Ксюха пожалуй в тот момент завидовала больше Иркиным волосам, чем айфону. У самой на голове росла сухая пакля, сто раз перекрашенная, оттого торчащая в разные стороны. Про «красивая» Ирка, конечно, загнула: за жиром не поймешь, а вот волосы… Волосы и здоровенные сиськи… – Ксюха вздохнула. Ни того ни другого у нее не имелось.
– Так что держись меня, я тебя с нужными ребятами познакомлю, тебе тоже чё-нить перепадет.
– Это здесь, в приюте?
– Ага! Щаз. В приюте одни мелкие. Нашего возраста. Откуда у них айфон. Это там, снаружи! – Ксюха подмигнула. – Арик – мой парень. Он строитель, в общаге живет. А айфон где-то отжал и мне подарил! – Ирка выхватила мобильник и начала в него тыкать. – На, глянь, это Арик.

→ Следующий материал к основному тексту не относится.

lemma PL: "genP * gen L \<sim> 0" by (rule orthL[OF cm_sym[OF QL] P_Q_orth])
lemma PLb: "genP * gen Lb \<sim> 0" by (rule orthL[OF cm_sym[OF QLb] P_Q_orth])
lemma LP: "gen L * genP \<sim> 0" by (rule orthR[OF cm_sym[OF LQ] Q_P_orth])
lemma LbP: "gen Lb * genP \<sim> 0" by (rule orthR[OF cm_sym[OF LbQ] Q_P_orth])
lemma QK: "genQ * gen K \<sim> 0" by (rule orthL[OF cm_sym[OF PK] Q_P_orth])
lemma QKb: "genQ * gen Kb \<sim> 0" by (rule orthL[OF cm_sym[OF PKb] Q_P_orth])
lemma KL: "gen K * gen L \<sim> 0" by (rule orthR[OF cm_sym[OF KP] PL])
lemma KbL: "gen Kb * gen L \<sim> 0" by (rule orthR[OF cm_sym[OF KbP] PL])
lemma LK: "gen L * gen K \<sim> 0" by (rule orthR[OF cm_sym[OF LQ] QK])
lemma LbK: "gen Lb * gen K \<sim> 0" by (rule orthR[OF cm_sym[OF LbQ] QK])

end

locale primitive_root = Ut_setting +
  assumes odd_n: "odd n" and n_gt1: "n > 1" and qn: "q ^ n = 1"
    and prim: "\<forall>k. 0 < k \<and> k < n \<longrightarrow> q ^ k \<noteq> 1"
begin

lemma q_nz: "q \<noteq> 0" using qn n_gt1 by (cases "q = 0") (auto simp: power_0_left)

lemma q_pow_inv: "inverse q ^ k * q ^ k = 1" "q ^ k * inverse q ^ k = 1"
  using q_nz by (simp_all add: power_mult_distrib[symmetric])

lemma inv_q_pow_n: "inverse q ^ n = 1" by (simp add: power_inverse qn)

text \<open>Since n is odd, q^2 is again a primitive n-th root of unity: q ^ (2 * a) for a < n
  are pairwise distinct.\<close>

lemma q_pow_1: "q ^ a = 1 \<Longrightarrow> n dvd a"
proof (rule ccontr)
  assume h: "q ^ a = 1" "\<not> n dvd a"
  have "q ^ (a mod n) = 1" using h pow_mod_n[OF qn] by simp
  moreover have "0 < a mod n" "a mod n < n" using h n_gt1 by (auto simp: mod_greater_zero_iff_not_dvd)
  ultimately show False using prim by blast
qed

lemma q2_pow_1: "q ^ (2 * a) = 1 \<Longrightarrow> n dvd a"
proof -
  assume "q ^ (2 * a) = 1"
  then have "n dvd 2 * a" by (rule q_pow_1)
  moreover have "coprime n 2" using odd_n by (simp add: coprime_commute)
  ultimately show ?thesis using coprime_dvd_mult_right_iff by blast
qed

lemma q2_inj:
  assumes "a < n" "b < n" "q ^ (2 * a) = q ^ (2 * b)"
  shows "a = b"
proof -
  have le: "a = b" if "a \<le> b" "b < n" "q ^ (2 * a) = q ^ (2 * b)" for a b
  proof -
    have "q ^ (2 * a) * q ^ (2 * (b - a)) = q ^ (2 * b)"
      using \<open>a \<le> b\<close> by (simp flip: power_add add: algebra_simps)
    then have "q ^ (2 * a) * q ^ (2 * (b - a)) = q ^ (2 * a) * 1"
      using that(3) by simp
    then have "q ^ (2 * (b - a)) = 1" using q_nz by simp
    then have "n dvd b - a" by (rule q2_pow_1)
    then show "a = b" using that by (cases "b - a = 0") (auto dest: dvd_imp_le)
  qed
  show ?thesis using le[of a b] le[of b a] assms by (cases "a \<le> b") auto
qed

lemma q2_ne: "a < n \<Longrightarrow> b < n \<Longrightarrow> a \<noteq> b \<Longrightarrow> q ^ (2 * a) * inverse q ^ (2 * b) \<noteq> 1"
proof
  assume ab: "a < n" "b < n" "a \<noteq> b" and "q ^ (2 * a) * inverse q ^ (2 * b) = 1"
  then have "q ^ (2 * a) = q ^ (2 * b)"
    by (metis mult.assoc mult_1 q_pow_inv(1))
  then show False using q2_inj ab by blast
qed

lemma q_diff_nz: "q - inverse q \<noteq> 0"
proof
  assume "q - inverse q = 0"
  then have "q * q = 1" using q_nz by (simp add: field_simps)
  then have "q ^ 2 = 1" by (simp add: power2_eq_square)
  moreover have "2 < n" using odd_n n_gt1 by (metis Suc_1 Suc_lessI dvd_refl)
  ultimately show False using prim by auto
qed

lemma qint_1: "qint q 1 = 1" using q_diff_nz by (simp add: qint_def)
lemma qint_mul: "qint q m * (q - inverse q) = q ^ m - inverse q ^ m"
  using q_diff_nz by (simp add: qint_def)
lemma qint_Suc1: "qint q (Suc m) = q * qint q m + inverse q ^ m"
proof -
  have "(q * qint q m + inverse q ^ m) * (q - inverse q) = q * (qint q m * (q - inverse q)) + (inverse q ^ m * q - inverse q ^ m * inverse q)"
    by (simp add: algebra_simps)
  also have "\<dots> = q * (q^m - inverse q^m) + (inverse q^m * q - inverse q ^ m * inverse q)" by (simp only: qint_mul)
  also have "\<dots> = q ^ Suc m - inverse q ^ Suc m" by (simp add: algebra_simps)
  also have "\<dots> = qint q (Suc m) * (q - inverse q)" by (rule qint_mul[symmetric])
  finally show ?thesis using q_diff_nz by simp
qed
lemma qint_Suc2: "qint q (Suc m) = inverse q * qint q m + q ^ m"
proof -
  have qi: "inverse q * q = 1" using q_nz by simp
  have "(inverse q * qint q m + q ^ m) * (q - inverse q) = inverse q * (qint q m * (q - inverse q)) + (q ^ m * q - q ^ m * inverse q)"
    by (simp add: algebra_simps)
  also have "\<dots> = inverse q * (q^m - inverse q^m) + (q^m * q - q ^ m * inverse q)" by (simp only: qint_mul)
  also have "\<dots> = q ^ Suc m - inverse q ^ Suc m" by (simp add: algebra_simps)
  also have "\<dots> = qint q (Suc m) * (q - inverse q)" by (rule qint_mul[symmetric])
  finally show ?thesis using q_diff_nz by simp
qed

lemma qint_nz: "0 < k \<Longrightarrow> k < n \<Longrightarrow> qint q k \<noteq> 0"
proof
  assume k: "0 < k" "k < n" and h: "qint q k = 0"
  have "q ^ k - inverse q ^ k = 0" using h qint_mul[of k] by simp
  then have "q ^ k * q ^ k = inverse q ^ k * q ^ k" by simp
  then have "q ^ (2 * k) = 1" by (simp add: q_pow_inv power_add[symmetric] mult_2)
  then have "n dvd k" by (rule q2_pow_1)
  then show False using k by (auto dest: dvd_imp_le)
qed

end

section \<open>The Cartan part: K-tilde = K + L and the idempotents P, Q\<close>

text \<open>Kt and Kbt play the role of the group-like generator and its inverse in U-tilde.\<close>

definition Kt :: "G free" where "Kt = gen K + gen L"
definition Kbt :: "G free" where "Kbt = gen Kb + gen Lb"

context primitive_root
begin

lemma P_gen_comm: "genP * gen x \<sim> gen x * genP"
proof (cases x)
  case K then show ?thesis using PK KP by (meson cm_trans cm_sym)
next
  case Kb then show ?thesis using PKb KbP by (meson cm_trans cm_sym)
next
  case L then show ?thesis using PL LP by (meson cm_trans cm_sym)
next
  case Lb then show ?thesis using PLb LbP by (meson cm_trans cm_sym)
next
  case E
  have "genP * gen E = gen K * (gen Kb * gen E)" by (simp add: genP_def mult.assoc)
  also have "\<dots> \<sim> gen K * smul (inverse q ^ 2) (gen E * gen Kb)" by (rule cm_multL[OF Kb_E])
  also have "\<dots> = smul (inverse q ^ 2) ((gen K * gen E) * gen Kb)" by (simp add: mult.assoc)
  also have "\<dots> \<sim> smul (inverse q ^ 2) (smul (q^2) (gen E * gen K) * gen Kb)" by (intro cm_smul cm_multR K_E)
  also have "\<dots> = gen E * genP" by (simp add: q_pow_inv genP_def mult.assoc)
  finally show ?thesis using E by simp
next
  case F
  have "genP * gen F = gen K * (gen Kb * gen F)" by (simp add: genP_def mult.assoc)
  also have "\<dots> \<sim> gen K * smul (q ^ 2) (gen F * gen Kb)" by (rule cm_multL[OF Kb_F])
  also have "\<dots> = smul (q ^ 2) ((gen K * gen F) * gen Kb)" by (simp add: mult.assoc)
  also have "\<dots> \<sim> smul (q ^ 2) (smul (inverse q^2) (gen F * gen K) * gen Kb)" by (intro cm_smul cm_multR K_F)
  also have "\<dots> = gen F * genP" by (simp add: q_pow_inv genP_def mult.assoc)
  finally show ?thesis using F by simp
qed

lemma P_central: "genP * y \<sim> y * genP"
  by (rule comm_closed) (rule P_gen_comm)

lemma Q_central: "genQ * y \<sim> y * genQ"
proof -
  have "genQ * y \<sim> (1 - genP) * y" by (rule cm_multR[OF Q_eq_compl])
  also have "\<dots> = y - genP * y" by (simp add: algebra_simps)
  also have "\<dots> \<sim> y - y * genP" by (rule cm_diff[OF _ P_central]) simp
  also have "\<dots> = y * (1 - genP)" by (simp add: algebra_simps)
  also have "\<dots> \<sim> y * genQ" by (rule cm_multL[OF cm_sym[OF Q_eq_compl]])
  finally show ?thesis .
qed

lemma Kbt_Kt: "Kbt * Kt \<sim> 1"
proof -
  have "Kbt * Kt = (gen Kb * gen K + gen Lb * gen L) + (gen Kb * gen L + gen Lb * gen K)"
    by (simp add: Kt_def Kbt_def algebra_simps)
  also have "\<dots> \<sim> (genP + genQ) + (0 + 0)" unfolding genP_def genQ_def by (intro cm_add cm_sym[OF K_Kb_comm] cm_sym[OF L_Lb_comm] KbL LbK)
  also have "\<dots> \<sim> 1 + (0 + 0)" by (intro cm_add P_plus_Q cm_refl)
  finally show ?thesis by simp
qed

lemma Kt_E: "Kt * gen E \<sim> smul (q^2) (gen E * Kt)"
proof -
  have "Kt * gen E = gen K * gen E + gen L * gen E" by (simp add: Kt_def algebra_simps)
  also have "\<dots> \<sim> smul (q^2) (gen E * gen K) + smul (q^2) (gen E * gen L)" by (intro cm_add K_E L_E)
  finally show ?thesis by (simp add: Kt_def algebra_simps smul_add)
qed
lemma Kt_F: "Kt * gen F \<sim> smul (inverse q^2) (gen F * Kt)"
proof -
  have "Kt * gen F = gen K * gen F + gen L * gen F" by (simp add: Kt_def algebra_simps)
  also have "\<dots> \<sim> smul (inverse q^2) (gen F * gen K) + smul (inverse q^2) (gen F * gen L)" by (intro cm_add K_F L_F)
  finally show ?thesis by (simp add: Kt_def algebra_simps smul_add)
qed
lemma Kbt_E: "Kbt * gen E \<sim> smul (inverse q^2) (gen E * Kbt)"
proof -
  have "Kbt * gen E = gen Kb * gen E + gen Lb * gen E" by (simp add: Kbt_def algebra_simps)
  also have "\<dots> \<sim> smul (inverse q^2) (gen E * gen Kb) + smul (inverse q^2) (gen E * gen Lb)" by (intro cm_add Kb_E Lb_E)
  finally show ?thesis by (simp add: Kbt_def algebra_simps smul_add)
qed
lemma Kbt_F: "Kbt * gen F \<sim> smul (q^2) (gen F * Kbt)"
proof -
  have "Kbt * gen F = gen Kb * gen F + gen Lb * gen F" by (simp add: Kbt_def algebra_simps)
  also have "\<dots> \<sim> smul (q^2) (gen F * gen Kb) + smul (q^2) (gen F * gen Lb)" by (intro cm_add Kb_F Lb_F)
  finally show ?thesis by (simp add: Kbt_def algebra_simps smul_add)
qed
lemma EF: "gen E * gen F - gen F * gen E \<sim> smul (inverse (q - inverse q)) (Kt - Kbt)"
  using E_F_commutator by (simp add: Kt_def Kbt_def)

text \<open>Since K L = L K = 0, the powers of Kt split, so Kt ^ n = P + Q = 1 and Kbt = Kt ^ (n - 1).\<close>

lemma Km_L: "m \<ge> 1 \<Longrightarrow> gen K ^ m * gen L \<sim> 0"
proof -
  assume "m \<ge> 1"
  then obtain k where m: "m = Suc k" by (cases m) auto
  have "gen K ^ m * gen L = gen K ^ k * (gen K * gen L)" by (simp add: m power_Suc2 mult.assoc del: power_Suc)
  also have "\<dots> \<sim> gen K ^ k * 0" by (rule cm_multL[OF KL])
  finally show ?thesis by simp
qed
lemma Lm_K: "m \<ge> 1 \<Longrightarrow> gen L ^ m * gen K \<sim> 0"
proof -
  assume "m \<ge> 1"
  then obtain k where m: "m = Suc k" by (cases m) auto
  have "gen L ^ m * gen K = gen L ^ k * (gen L * gen K)" by (simp add: m power_Suc2 mult.assoc del: power_Suc)
  also have "\<dots> \<sim> gen L ^ k * 0" by (rule cm_multL[OF LK])
  finally show ?thesis by simp
qed

lemma Kt_pow_split: "m \<ge> 1 \<Longrightarrow> Kt ^ m \<sim> gen K ^ m + gen L ^ m"
proof (induction m rule: dec_induct)
  case base then show ?case by (simp add: Kt_def)
next
  case (step m)
  have "Kt ^ Suc m = Kt ^ m * Kt" by (rule power_Suc2)
  also have "\<dots> \<sim> (gen K ^ m + gen L ^ m) * Kt" by (rule cm_multR[OF step.IH])
  also have "\<dots> = (gen K ^ Suc m + gen L ^ Suc m) + (gen K ^ m * gen L + gen L ^ m * gen K)"
    by (simp add: Kt_def algebra_simps power_commutes)
  also have "\<dots> \<sim> (gen K ^ Suc m + gen L ^ Suc m) + (0 + 0)"
    by (intro cm_add cm_refl Km_L Lm_K step.hyps)
  finally show ?case by simp
qed

lemma Kt_pow_n: "Kt ^ n \<sim> 1"
proof -
  have "Kt ^ n \<sim> gen K ^ n + gen L ^ n" by (rule Kt_pow_split) (use n_gt1 in simp)
  also have "\<dots> \<sim> genP + genQ" unfolding genP_def genQ_def by (intro cm_add K_pow_n L_pow_n)
  also have "\<dots> \<sim> 1" by (rule P_plus_Q)
  finally show ?thesis .
qed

– Так он взрослый… – на заставке какой-то усатый мужик по-хозяйски притягивал Ирку за шею.
– Канеш, взрослый! Шутит иногда, мол впаяют ему за меня – «совращение малолетки»! – Ирка громко по-лошадиному рассмеялась. – Зато мужик нормальный, а не эти, хлюпики местные. Сейчас в приюте из парней только Димка да Леха нормальные. Но Димка – мой, токо подойди, я те так вставлю! – Ирка сложила свои пухлые пальцы в кулак, по ее лицу было непонятно, шутит она или правда двинет для убедительности. Кулак выглядел основательным, костяшки в мелких шрамиках, видать боевая.
– Да у меня есть там парень, снаружи, – Ксюха прикинула, как бы Мишка отреагировал на статус ее парня… – А у тебя ж вроде Арик?
Рыжая опять растянула улыбку:
– Ну, Арик это снаружи, а здесь Димон. Тупо так называть, скажи? А этот придурок говорит, зовите меня «Димон». Я ж сказала, в приюте все парни того, долбанутые. – Ирка картинно постучала себе по голове. – Ну пошли, короче. Че стоишь?
* * *
– Сейчас Клоун съест Бога…
– Что?
– Да вон, смотри. За пальцем моим следи. Видишь вот эту тучу? – Пальцы у Мишки длинные и обветренные. – Вот это нос, ниже улыбка такая кривая, как в ужастиках, а вон – как колпак, видишь?
– Вроде того. А че глаз нет?
– Злу не нужны глаза, оно и так всех нас найдет… – Мишка сказал это с интонацией старой гнусавой озвучки фильмов.
– А где Бог?
– Вон справа медленно подплывает. Глянь: длинные волосы и рука одна вперед тянется: «Покайся, грешник!»…
Они лежали на остывающей сентябрьской земле, иссыхающие травинки кололи через подстеленную толстовку. Толстовка Варькина. Опять будет пилить, если увидит испачканную. Проще выкинуть, сказать, что на вписке увели. Вот так лежать с Мишкой приятно. Только холодно уже. Мать говорит, придатки застудишь, потом детей не родишь. Ну и норм, нафиг еще дети. Растить кого-то, чтобы он также мучился?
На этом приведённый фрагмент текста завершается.